*WHAT TO DO*. Which lines below contain "solution"? Pull them out.

(Dataset records)
▬▬▬
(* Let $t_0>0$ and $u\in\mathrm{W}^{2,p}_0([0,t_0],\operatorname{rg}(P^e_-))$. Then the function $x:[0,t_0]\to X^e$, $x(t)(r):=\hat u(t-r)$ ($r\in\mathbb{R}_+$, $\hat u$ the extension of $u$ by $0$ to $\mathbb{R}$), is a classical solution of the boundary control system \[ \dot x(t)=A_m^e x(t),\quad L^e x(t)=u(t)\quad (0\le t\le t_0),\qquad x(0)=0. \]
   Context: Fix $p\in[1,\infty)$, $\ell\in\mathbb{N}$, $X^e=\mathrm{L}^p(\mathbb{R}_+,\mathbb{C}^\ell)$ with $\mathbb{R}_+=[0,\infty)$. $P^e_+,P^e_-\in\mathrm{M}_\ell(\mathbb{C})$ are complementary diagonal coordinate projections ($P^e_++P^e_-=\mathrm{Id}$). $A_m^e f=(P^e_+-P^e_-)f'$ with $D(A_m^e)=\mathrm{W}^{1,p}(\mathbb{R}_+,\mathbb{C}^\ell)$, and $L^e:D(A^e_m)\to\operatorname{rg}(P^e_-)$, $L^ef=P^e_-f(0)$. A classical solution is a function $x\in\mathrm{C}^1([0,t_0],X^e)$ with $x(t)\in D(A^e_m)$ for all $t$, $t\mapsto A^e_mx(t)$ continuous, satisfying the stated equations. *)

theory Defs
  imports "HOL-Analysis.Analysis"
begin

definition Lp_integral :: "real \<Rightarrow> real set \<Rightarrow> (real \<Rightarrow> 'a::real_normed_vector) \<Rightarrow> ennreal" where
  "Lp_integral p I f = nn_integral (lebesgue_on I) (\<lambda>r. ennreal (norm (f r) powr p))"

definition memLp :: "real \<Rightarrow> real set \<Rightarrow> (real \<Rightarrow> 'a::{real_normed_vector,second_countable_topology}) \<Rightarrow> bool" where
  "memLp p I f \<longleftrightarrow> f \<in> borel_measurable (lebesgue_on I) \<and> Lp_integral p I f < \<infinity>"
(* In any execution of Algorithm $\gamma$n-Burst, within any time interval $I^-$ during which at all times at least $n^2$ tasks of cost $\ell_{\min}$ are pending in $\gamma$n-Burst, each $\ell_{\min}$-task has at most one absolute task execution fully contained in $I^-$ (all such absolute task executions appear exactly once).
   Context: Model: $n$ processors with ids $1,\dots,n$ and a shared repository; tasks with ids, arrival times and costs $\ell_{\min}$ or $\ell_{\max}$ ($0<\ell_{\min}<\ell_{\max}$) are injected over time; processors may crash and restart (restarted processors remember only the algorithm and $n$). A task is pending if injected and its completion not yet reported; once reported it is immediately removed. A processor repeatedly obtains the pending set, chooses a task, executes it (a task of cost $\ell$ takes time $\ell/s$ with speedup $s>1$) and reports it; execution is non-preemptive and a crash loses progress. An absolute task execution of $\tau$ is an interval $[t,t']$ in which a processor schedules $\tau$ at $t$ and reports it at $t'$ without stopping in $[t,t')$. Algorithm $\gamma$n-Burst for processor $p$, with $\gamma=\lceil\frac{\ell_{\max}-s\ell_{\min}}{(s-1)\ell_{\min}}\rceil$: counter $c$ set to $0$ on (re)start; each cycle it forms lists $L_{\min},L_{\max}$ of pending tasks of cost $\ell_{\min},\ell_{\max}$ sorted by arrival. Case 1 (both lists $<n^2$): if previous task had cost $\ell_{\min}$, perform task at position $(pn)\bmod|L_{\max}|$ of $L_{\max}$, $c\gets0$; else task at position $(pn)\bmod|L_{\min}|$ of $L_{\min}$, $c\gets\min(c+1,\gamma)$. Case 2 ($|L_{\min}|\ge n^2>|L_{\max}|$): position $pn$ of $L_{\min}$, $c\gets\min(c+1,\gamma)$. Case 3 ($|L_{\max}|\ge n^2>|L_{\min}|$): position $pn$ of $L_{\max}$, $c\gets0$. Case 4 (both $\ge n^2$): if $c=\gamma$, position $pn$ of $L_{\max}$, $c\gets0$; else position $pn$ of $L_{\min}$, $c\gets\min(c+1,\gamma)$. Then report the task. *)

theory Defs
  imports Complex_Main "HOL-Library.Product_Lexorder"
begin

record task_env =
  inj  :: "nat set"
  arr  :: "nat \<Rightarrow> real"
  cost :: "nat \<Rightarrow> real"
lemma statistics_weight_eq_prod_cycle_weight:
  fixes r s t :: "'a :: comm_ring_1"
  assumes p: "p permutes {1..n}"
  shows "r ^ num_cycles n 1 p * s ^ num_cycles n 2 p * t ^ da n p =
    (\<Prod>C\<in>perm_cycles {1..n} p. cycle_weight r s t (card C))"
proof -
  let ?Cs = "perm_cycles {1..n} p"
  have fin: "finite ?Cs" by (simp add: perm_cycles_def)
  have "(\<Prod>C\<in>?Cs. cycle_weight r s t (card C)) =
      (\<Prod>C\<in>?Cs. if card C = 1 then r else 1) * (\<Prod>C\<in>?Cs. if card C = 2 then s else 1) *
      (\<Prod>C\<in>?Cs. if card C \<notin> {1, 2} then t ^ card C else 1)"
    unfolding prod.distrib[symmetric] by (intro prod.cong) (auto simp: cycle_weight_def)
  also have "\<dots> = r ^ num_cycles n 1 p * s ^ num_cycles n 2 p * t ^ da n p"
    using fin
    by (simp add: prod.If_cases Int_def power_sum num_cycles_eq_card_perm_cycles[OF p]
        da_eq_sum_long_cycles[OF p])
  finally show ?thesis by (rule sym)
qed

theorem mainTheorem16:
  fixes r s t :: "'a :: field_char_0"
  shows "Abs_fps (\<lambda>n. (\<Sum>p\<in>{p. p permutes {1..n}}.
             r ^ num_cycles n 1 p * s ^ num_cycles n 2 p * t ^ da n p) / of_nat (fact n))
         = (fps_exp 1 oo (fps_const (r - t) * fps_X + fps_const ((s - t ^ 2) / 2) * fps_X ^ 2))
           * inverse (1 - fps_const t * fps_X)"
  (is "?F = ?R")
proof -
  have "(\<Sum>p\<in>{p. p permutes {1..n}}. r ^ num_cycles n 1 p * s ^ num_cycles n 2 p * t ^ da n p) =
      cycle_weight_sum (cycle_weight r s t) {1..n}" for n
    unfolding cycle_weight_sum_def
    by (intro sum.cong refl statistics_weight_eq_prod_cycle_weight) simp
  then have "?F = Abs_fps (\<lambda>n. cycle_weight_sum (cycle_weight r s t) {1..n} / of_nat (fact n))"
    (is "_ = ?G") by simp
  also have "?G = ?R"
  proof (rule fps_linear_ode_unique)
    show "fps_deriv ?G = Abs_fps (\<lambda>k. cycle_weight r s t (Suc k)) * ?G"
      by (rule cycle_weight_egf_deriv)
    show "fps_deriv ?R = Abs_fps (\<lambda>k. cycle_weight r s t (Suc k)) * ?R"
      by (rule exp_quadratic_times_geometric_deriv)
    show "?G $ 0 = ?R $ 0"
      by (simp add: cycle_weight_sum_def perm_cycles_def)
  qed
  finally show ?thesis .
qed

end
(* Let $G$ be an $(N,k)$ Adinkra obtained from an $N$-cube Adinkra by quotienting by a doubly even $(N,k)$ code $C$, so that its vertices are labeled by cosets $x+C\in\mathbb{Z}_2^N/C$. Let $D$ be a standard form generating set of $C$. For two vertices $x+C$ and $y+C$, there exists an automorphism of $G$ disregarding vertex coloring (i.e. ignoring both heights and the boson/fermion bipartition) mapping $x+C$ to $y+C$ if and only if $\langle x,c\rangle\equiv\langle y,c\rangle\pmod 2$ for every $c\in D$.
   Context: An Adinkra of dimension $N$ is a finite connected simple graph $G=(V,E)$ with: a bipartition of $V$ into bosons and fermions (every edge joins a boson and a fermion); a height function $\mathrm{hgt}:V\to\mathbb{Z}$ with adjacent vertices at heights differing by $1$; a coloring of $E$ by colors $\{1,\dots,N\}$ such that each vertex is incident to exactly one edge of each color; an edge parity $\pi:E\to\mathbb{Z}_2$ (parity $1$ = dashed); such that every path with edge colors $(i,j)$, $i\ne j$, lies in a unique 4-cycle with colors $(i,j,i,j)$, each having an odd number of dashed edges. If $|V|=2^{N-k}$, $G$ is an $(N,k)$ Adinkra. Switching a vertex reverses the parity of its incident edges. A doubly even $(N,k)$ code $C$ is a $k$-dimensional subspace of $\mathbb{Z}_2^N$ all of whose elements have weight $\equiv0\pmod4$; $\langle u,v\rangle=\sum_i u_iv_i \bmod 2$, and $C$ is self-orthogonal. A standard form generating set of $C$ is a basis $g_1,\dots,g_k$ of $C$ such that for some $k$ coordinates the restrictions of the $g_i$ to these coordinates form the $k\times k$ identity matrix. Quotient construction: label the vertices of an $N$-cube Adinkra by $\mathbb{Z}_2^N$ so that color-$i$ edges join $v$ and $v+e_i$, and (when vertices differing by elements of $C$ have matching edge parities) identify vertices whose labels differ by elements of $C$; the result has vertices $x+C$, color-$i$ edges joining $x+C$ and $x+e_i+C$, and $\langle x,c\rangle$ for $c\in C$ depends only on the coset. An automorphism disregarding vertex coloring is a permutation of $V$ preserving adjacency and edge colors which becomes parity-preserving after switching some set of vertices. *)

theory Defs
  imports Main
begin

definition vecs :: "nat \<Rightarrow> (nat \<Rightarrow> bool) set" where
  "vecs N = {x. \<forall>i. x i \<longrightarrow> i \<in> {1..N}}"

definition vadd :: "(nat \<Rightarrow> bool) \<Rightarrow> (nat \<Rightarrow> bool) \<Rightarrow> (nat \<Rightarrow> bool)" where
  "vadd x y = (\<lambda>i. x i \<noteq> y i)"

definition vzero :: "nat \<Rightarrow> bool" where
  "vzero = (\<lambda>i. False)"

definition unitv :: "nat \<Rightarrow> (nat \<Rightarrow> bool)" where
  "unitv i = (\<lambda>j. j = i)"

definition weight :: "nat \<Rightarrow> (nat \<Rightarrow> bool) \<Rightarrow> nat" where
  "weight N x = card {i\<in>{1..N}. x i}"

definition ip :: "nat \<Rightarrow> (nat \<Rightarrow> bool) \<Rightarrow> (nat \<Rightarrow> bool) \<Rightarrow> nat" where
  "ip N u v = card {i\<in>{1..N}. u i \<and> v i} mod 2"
▬▬▬
*REPLY TO THE TASK*.
(* Let $t_0>0$ and $u\in\mathrm{W}^{2,p}_0([0,t_0],\operatorname{rg}(P^e_-))$. Then the function $x:[0,t_0]\to X^e$, $x(t)(r):=\hat u(t-r)$ ($r\in\mathbb{R}_+$, $\hat u$ the extension of $u$ by $0$ to $\mathbb{R}$), is a classical solution of the boundary control system \[ \dot x(t)=A_m^e x(t),\quad L^e x(t)=u(t)\quad (0\le t\le t_0),\qquad x(0)=0. \]
   Context: Fix $p\in[1,\infty)$, $\ell\in\mathbb{N}$, $X^e=\mathrm{L}^p(\mathbb{R}_+,\mathbb{C}^\ell)$ with $\mathbb{R}_+=[0,\infty)$. $P^e_+,P^e_-\in\mathrm{M}_\ell(\mathbb{C})$ are complementary diagonal coordinate projections ($P^e_++P^e_-=\mathrm{Id}$). $A_m^e f=(P^e_+-P^e_-)f'$ with $D(A_m^e)=\mathrm{W}^{1,p}(\mathbb{R}_+,\mathbb{C}^\ell)$, and $L^e:D(A^e_m)\to\operatorname{rg}(P^e_-)$, $L^ef=P^e_-f(0)$. A classical solution is a function $x\in\mathrm{C}^1([0,t_0],X^e)$ with $x(t)\in D(A^e_m)$ for all $t$, $t\mapsto A^e_mx(t)$ continuous, satisfying the stated equations. *)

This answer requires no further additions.